The main aim of this contribution is to achieve an understanding of parameters and algorithm utilized by GDIs for codification the chemical structures. In the simplest case, the GDI calculation coincides with the semi-quantitative results obtained from HMO, when both are applied to the same molecular systems. When some traditional quantum chemistry questions are explained with GDI method, it gets to: (i) understand the topological parameters from GDI in Quantum Mechanical terms, (ii) explain in quantitative way, the thermodynamic stability of conjugated molecules (having into account energetic and entropic factors), and (iii) propose a new quantitative and more general way of approaching the concept of aromaticity, a key concept in chemistry.

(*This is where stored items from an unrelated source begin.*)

(* Let $H,H'$ be heaps, $a$ an address, $R$ a register file, $v$ a value and $\tau$ an ownership well-formed type. If $H\approx_a H'$, $\mathrm{own}(H,v,\tau)(a)=0$ and $\mathrm{SATv}(H,R,v,\tau)$, then $\mathrm{SATv}(H',R,v,\tau)$.
   Context: Refinement formulas are first-order formulas over integer variables, literals, a value variable $\nu$, atomic predicates of a fixed theory and context-prefix predicates; $\models\psi$ means validity. Types $\tau ::= \{\nu:\mathtt{int}\mid\varphi\}\mid\tau\ \mathtt{ref}^r$, $r\in[0,1]$ rational. $\top_0=\{\nu:\mathtt{int}\mid\top\}$, $\top_i=\top_{i-1}\ \mathtt{ref}^0$; a type is ownership well-formed if every subterm $\tau'\ \mathtt{ref}^0$ has $\tau'=\top_n$ for some $n$ (the paper imposes this on all types). Values: integers or addresses; heap: finite partial map addresses $\to$ values; register file: finite partial map variables $\to$ values. $[R]\varphi$: $[\emptyset]\varphi=\varphi$, $[R\{x\mapsto n\}]\varphi=[R][n/x]\varphi$ ($n$ integer), $[R\{x\mapsto a\}]\varphi=[R]\varphi$ ($a$ address). $\mathrm{SATv}(H,R,v,\tau)$: for $\tau=\{\nu:\mathtt{int}\mid\varphi\}$, $v\in\mathbb Z$ and $\models[R][v/\nu]\varphi$; for $\tau=\tau'\ \mathtt{ref}^r$, $v$ is an address $a\in dom(H)$ and $\mathrm{SATv}(H,R,H(a),\tau')$. $H\vdash v\Downarrow n$ is the smallest relation with: $v\in\mathbb Z$ implies $H\vdash v\Downarrow0$; if $H\vdash v\Downarrow n$ and $H(a)=v$ then $H\vdash a\Downarrow n+1$. $H\approx_a H'$ iff $dom(H)=dom(H')$, $H(a')=H'(a')$ for all $a'\in dom(H)$ with $a'\neq a$, and for all $n$, $H\vdash a\Downarrow n$ iff $H'\vdash a\Downarrow n$. Ownership maps: functions addresses $\to$ nonnegative rationals added pointwise, $\{a\mapsto r\}$ maps $a$ to $r$ and all else to 0, $\emptyset$ zero map; $\mathrm{own}(H,v,\tau)=\{a\mapsto r\}+\mathrm{own}(H,H(a),\tau')$ if $v=a\in dom(H)$ and $\tau=\tau'\ \mathtt{ref}^r$, otherwise $\emptyset$. *)

theory Defs
  imports Complex_Main
begin

type_synonym var = string

datatype tm = TVar var | TNu | TLit int | TAdd tm tm | TMul tm tm | TNeg tm

text \<open>Atomic predicates of the fixed theory and context-prefix predicates are
  represented by named predicate symbols applied to terms; their meaning is given by
  an interpretation I (the fixed theory), passed explicitly to the validity judgement.\<close>
datatype fml = FTrue | FFalse | FEq tm tm | FLe tm tm | FAtom string "tm list"
  | FNot fml | FAnd fml fml | FOr fml fml | FImp fml fml
  | FAll var fml | FEx var fml

type_synonym interp = "string \<Rightarrow> int list \<Rightarrow> bool"

fun eval_tm :: "(var \<Rightarrow> int) \<Rightarrow> int \<Rightarrow> tm \<Rightarrow> int" where
  "eval_tm s nu (TVar x) = s x"
| "eval_tm s nu TNu = nu"
| "eval_tm s nu (TLit n) = n"
| "eval_tm s nu (TAdd a b) = eval_tm s nu a + eval_tm s nu b"
| "eval_tm s nu (TMul a b) = eval_tm s nu a * eval_tm s nu b"
| "eval_tm s nu (TNeg a) = - eval_tm s nu a"

fun holds :: "interp \<Rightarrow> (var \<Rightarrow> int) \<Rightarrow> int \<Rightarrow> fml \<Rightarrow> bool" where
  "holds I s nu FTrue = True"
| "holds I s nu FFalse = False"
| "holds I s nu (FEq a b) = (eval_tm s nu a = eval_tm s nu b)"
| "holds I s nu (FLe a b) = (eval_tm s nu a \<le> eval_tm s nu b)"
| "holds I s nu (FAtom p ts) = I p (map (eval_tm s nu) ts)"
| "holds I s nu (FNot f) = (\<not> holds I s nu f)"
| "holds I s nu (FAnd f g) = (holds I s nu f \<and> holds I s nu g)"
| "holds I s nu (FOr f g) = (holds I s nu f \<or> holds I s nu g)"
| "holds I s nu (FImp f g) = (holds I s nu f \<longrightarrow> holds I s nu g)"
| "holds I s nu (FAll x f) = (\<forall>n. holds I (s(x := n)) nu f)"
| "holds I s nu (FEx x f) = (\<exists>n. holds I (s(x := n)) nu f)"

definition valid :: "interp \<Rightarrow> fml \<Rightarrow> bool" where
  "valid I f \<longleftrightarrow> (\<forall>s nu. holds I s nu f)"

text \<open>The substitution is given as a
  partial map from variables to integers (simultaneous; literals contain no variables,
  so there is no capture, and binders simply shadow).\<close>
fun subst_tm :: "(var \<Rightarrow> int option) \<Rightarrow> int option \<Rightarrow> tm \<Rightarrow> tm" where
  "subst_tm \<sigma> v (TVar x) = (case \<sigma> x of Some n \<Rightarrow> TLit n | None \<Rightarrow> TVar x)"
| "subst_tm \<sigma> v TNu = (case v of Some n \<Rightarrow> TLit n | None \<Rightarrow> TNu)"
| "subst_tm \<sigma> v (TLit n) = TLit n"
| "subst_tm \<sigma> v (TAdd a b) = TAdd (subst_tm \<sigma> v a) (subst_tm \<sigma> v b)"
| "subst_tm \<sigma> v (TMul a b) = TMul (subst_tm \<sigma> v a) (subst_tm \<sigma> v b)"
| "subst_tm \<sigma> v (TNeg a) = TNeg (subst_tm \<sigma> v a)"

fun subst :: "(var \<Rightarrow> int option) \<Rightarrow> int option \<Rightarrow> fml \<Rightarrow> fml" where
  "subst \<sigma> v FTrue = FTrue"
| "subst \<sigma> v FFalse = FFalse"
| "subst \<sigma> v (FEq a b) = FEq (subst_tm \<sigma> v a) (subst_tm \<sigma> v b)"
| "subst \<sigma> v (FLe a b) = FLe (subst_tm \<sigma> v a) (subst_tm \<sigma> v b)"
| "subst \<sigma> v (FAtom p ts) = FAtom p (map (subst_tm \<sigma> v) ts)"
| "subst \<sigma> v (FNot f) = FNot (subst \<sigma> v f)"
| "subst \<sigma> v (FAnd f g) = FAnd (subst \<sigma> v f) (subst \<sigma> v g)"
| "subst \<sigma> v (FOr f g) = FOr (subst \<sigma> v f) (subst \<sigma> v g)"
| "subst \<sigma> v (FImp f g) = FImp (subst \<sigma> v f) (subst \<sigma> v g)"
| "subst \<sigma> v (FAll x f) = FAll x (subst (\<sigma>(x := None)) v f)"
| "subst \<sigma> v (FEx x f) = FEx x (subst (\<sigma>(x := None)) v f)"

datatype ty = TInt fml | TRef ty rat

type_synonym addr = nat

datatype val = VInt int | VAddr addr

type_synonym heap = "addr \<rightharpoonup> val"
type_synonym regfile = "var \<rightharpoonup> val"

fun ty_ok :: "ty \<Rightarrow> bool" where
  "ty_ok (TInt \<phi>) = True"
| "ty_ok (TRef t r) = (0 \<le> r \<and> r \<le> 1 \<and> ty_ok t)"

fun top_ty :: "nat \<Rightarrow> ty" where
  "top_ty 0 = TInt FTrue"
| "top_ty (Suc n) = TRef (top_ty n) 0"

fun own_wf :: "ty \<Rightarrow> bool" where
  "own_wf (TInt \<phi>) = True"
| "own_wf (TRef t r) = ((r = 0 \<longrightarrow> (\<exists>n. t = top_ty n)) \<and> own_wf t)"

definition reg_int :: "regfile \<Rightarrow> var \<Rightarrow> int option" where
  "reg_int R x = (case R x of Some (VInt n) \<Rightarrow> Some n | _ \<Rightarrow> None)"

definition reg_subst :: "regfile \<Rightarrow> fml \<Rightarrow> fml" where
  "reg_subst R \<phi> = subst (reg_int R) None \<phi>"

definition nu_subst :: "int \<Rightarrow> fml \<Rightarrow> fml" where
  "nu_subst n \<phi> = subst (\<lambda>_. None) (Some n) \<phi>"

fun SATv :: "interp \<Rightarrow> heap \<Rightarrow> regfile \<Rightarrow> val \<Rightarrow> ty \<Rightarrow> bool" where
  "SATv I H R v (TInt \<phi>) = (case v of VInt n \<Rightarrow> valid I (reg_subst R (nu_subst n \<phi>)) | VAddr _ \<Rightarrow> False)"
| "SATv I H R v (TRef t r) = (case v of VAddr a \<Rightarrow> a \<in> dom H \<and> SATv I H R (the (H a)) t | VInt _ \<Rightarrow> False)"

inductive reach :: "heap \<Rightarrow> val \<Rightarrow> nat \<Rightarrow> bool" where
  reach_int: "reach H (VInt n) 0"
| reach_addr: "reach H v n \<Longrightarrow> H a = Some v \<Longrightarrow> reach H (VAddr a) (Suc n)"

definition heap_equiv :: "heap \<Rightarrow> addr \<Rightarrow> heap \<Rightarrow> bool" where
  "heap_equiv H a H' \<longleftrightarrow> dom H = dom H' \<and> (\<forall>a'\<in>dom H. a' \<noteq> a \<longrightarrow> H a' = H' a')
     \<and> (\<forall>n. reach H (VAddr a) n \<longleftrightarrow> reach H' (VAddr a) n)"

fun own :: "heap \<Rightarrow> val \<Rightarrow> ty \<Rightarrow> addr \<Rightarrow> rat" where
  "own H (VAddr a) (TRef t r) =
     (if a \<in> dom H then (\<lambda>b. (if b = a then r else 0) + own H (the (H a)) t b) else (\<lambda>_. 0))"
| "own H v t = (\<lambda>_. 0)"

end

theory Submission
  imports Defs
begin

text \<open>Walking down the value along its reference types, the heaps
  H and H' agree at every address other than a. If the walk reaches a, the ownership of a
  is zero only if (all shares being nonnegative) the reference there has ownership 0, so by well-formedness its remaining
  type is some \<open>top_ty n\<close>. Satisfying \<open>top_ty n\<close> says nothing beyond the existence of a chain
  of exactly n dereferences ending in an integer, and this is exactly what \<open>heap_equiv\<close>
  preserves at a.\<close>

lemma own_nonneg: "ty_ok t \<Longrightarrow> 0 \<le> own H v t b"
proof (induction t arbitrary: v)
  case (TRef t r)
  then show ?case by (cases v) auto
qed (cases v; simp)

lemma own_TRef_eq_0_iff:
  assumes "ty_ok t" "0 \<le> r" "b \<in> dom H"
  shows "own H (VAddr b) (TRef t r) a = 0 \<longleftrightarrow> (a = b \<longrightarrow> r = 0) \<and> own H (the (H b)) t a = 0"
  using assms own_nonneg[OF \<open>ty_ok t\<close>, of H "the (H b)" a] by auto

lemma reach_VAddr_iff: "reach H (VAddr b) (Suc n) \<longleftrightarrow> (\<exists>w. H b = Some w \<and> reach H w n)"
  by (auto elim: reach.cases intro: reach.intros)

lemma SATv_top_ty_iff_reach: "SATv I H R v (top_ty n) \<longleftrightarrow> reach H v n"
proof (induction n arbitrary: v)
  case 0
  show ?case
    by (cases v) (auto simp: valid_def reg_subst_def nu_subst_def intro: reach.intros
        elim: reach.cases)
next
  case (Suc n)
  show ?case
    by (cases v) (auto simp: Suc reach_VAddr_iff elim: reach.cases)
qed

lemma heap_equiv_dom: "heap_equiv H a H' \<Longrightarrow> dom H' = dom H"
  by (simp add: heap_equiv_def)

lemma heap_equiv_lookup: "heap_equiv H a H' \<Longrightarrow> b \<noteq> a \<Longrightarrow> H' b = H b"
  unfolding heap_equiv_def by (metis domIff)

lemma heap_equiv_reach: "heap_equiv H a H' \<Longrightarrow> reach H' (VAddr a) n \<longleftrightarrow> reach H (VAddr a) n"
  by (simp add: heap_equiv_def)

lemma SATv_top_ty_heap_equiv:
  "heap_equiv H a H' \<Longrightarrow> SATv I H R (VAddr a) (top_ty n) \<Longrightarrow> SATv I H' R (VAddr a) (top_ty n)"
  by (simp add: SATv_top_ty_iff_reach heap_equiv_reach)

lemma SATv_heap_equiv:
  assumes "ty_ok \<tau>" "own_wf \<tau>" "heap_equiv H a H'" "own H v \<tau> a = 0" "SATv I H R v \<tau>"
  shows "SATv I H' R v \<tau>"
  using assms(1,2,4,5)
proof (induction \<tau> arbitrary: v)
  case (TInt \<phi>)
  then show ?case by (cases v) auto
next
  case (TRef t r)
  then obtain b where v: "v = VAddr b" and b: "b \<in> dom H" and sat: "SATv I H R (the (H b)) t"
    by (cases v) auto
  have own: "(a = b \<longrightarrow> r = 0) \<and> own H (the (H b)) t a = 0"
    using TRef.prems own_TRef_eq_0_iff b v by auto
  show ?case
  proof (cases "a = b")
    case True
    with own TRef.prems obtain n where "r = 0" "t = top_ty n" by auto
    then show ?thesis
      using SATv_top_ty_heap_equiv[OF assms(3), of I R "Suc n"] TRef.prems v True by simp
  next
    case False
    then have "SATv I H' R (the (H b)) t" using TRef.IH own sat TRef.prems by auto
    then show ?thesis
      using v b False heap_equiv_dom[OF assms(3)] heap_equiv_lookup[OF assms(3)] by auto
  qed
qed

theorem lemma22:
  fixes I :: interp and H H' :: heap and a :: addr and R :: regfile and v :: val and \<tau> :: ty
  assumes "finite (dom H)" and "finite (dom H')" and "finite (dom R)"
    and "ty_ok \<tau>" and "own_wf \<tau>"
    and "heap_equiv H a H'"
    and "own H v \<tau> a = 0"
    and "SATv I H R v \<tau>"
  shows "SATv I H' R v \<tau>"
  using assms(4-8) by (rule SATv_heap_equiv)

end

2 Electronic distribution in terms of discrete derivatives of molecular graphs

2.1 First close approximation between GDI and quantum mechanics

The Hückel matrix can be considered similar to adjacency matrix (A1) of first order with some modifications on its main diagonal. As any other adjacency matrix, it can be written in terms of an incidence matrix Q:

$${A}^{k}={Q}^{T}Q+I$$
(2)

Being, QT transposed matrix of Q and the order of Q determine the k order of Adjacency matrix (Ak). The product QTQ results in a squared and symmetric matrix, which is named Relations Frequency Matrix (F) [18, 25]. Previously, obtained results had used the n-dimensional F matrix as base of organizing the information of each individual atom, as well as the n-uples formed by them (sub-structures) [19, 26]. Only first order matrices will be used below. Earlier analysis show that Frequency matrix (F) is similar to the Hückel secular determinant (H), in which each column and row can be identified with each p orbitals. Defining the Eq. 2 in terms of the matrix H and F, the next mathematical relation can be denoted as:

$$H=F+\left({f}_{i}-\varepsilon \right)I$$
(3)

being, fi each atom’s own participating frequencies, and ε allowed values for the energies corresponding to the different molecular orbitals. Analyzing the expression 3, it can verify the combination of Topological and Quantum Mechanic information to understand the conjugated molecule’s structure into the same procedure. This matrix relation also suggests a relation among the elements from matrices, which were created from different theories and procedures, destined to quantify the chemical structure, but all with high similarity degrees.

2.2 Getting topological flexibility of strong approximations in HMO method, using the GDIs methodologies

The 1,3-butadiene molecule is a good example for the introduction of this methodology because it shows how the information about electronic distribution can be evaluated, recognizing and using topological information codified by GDIs.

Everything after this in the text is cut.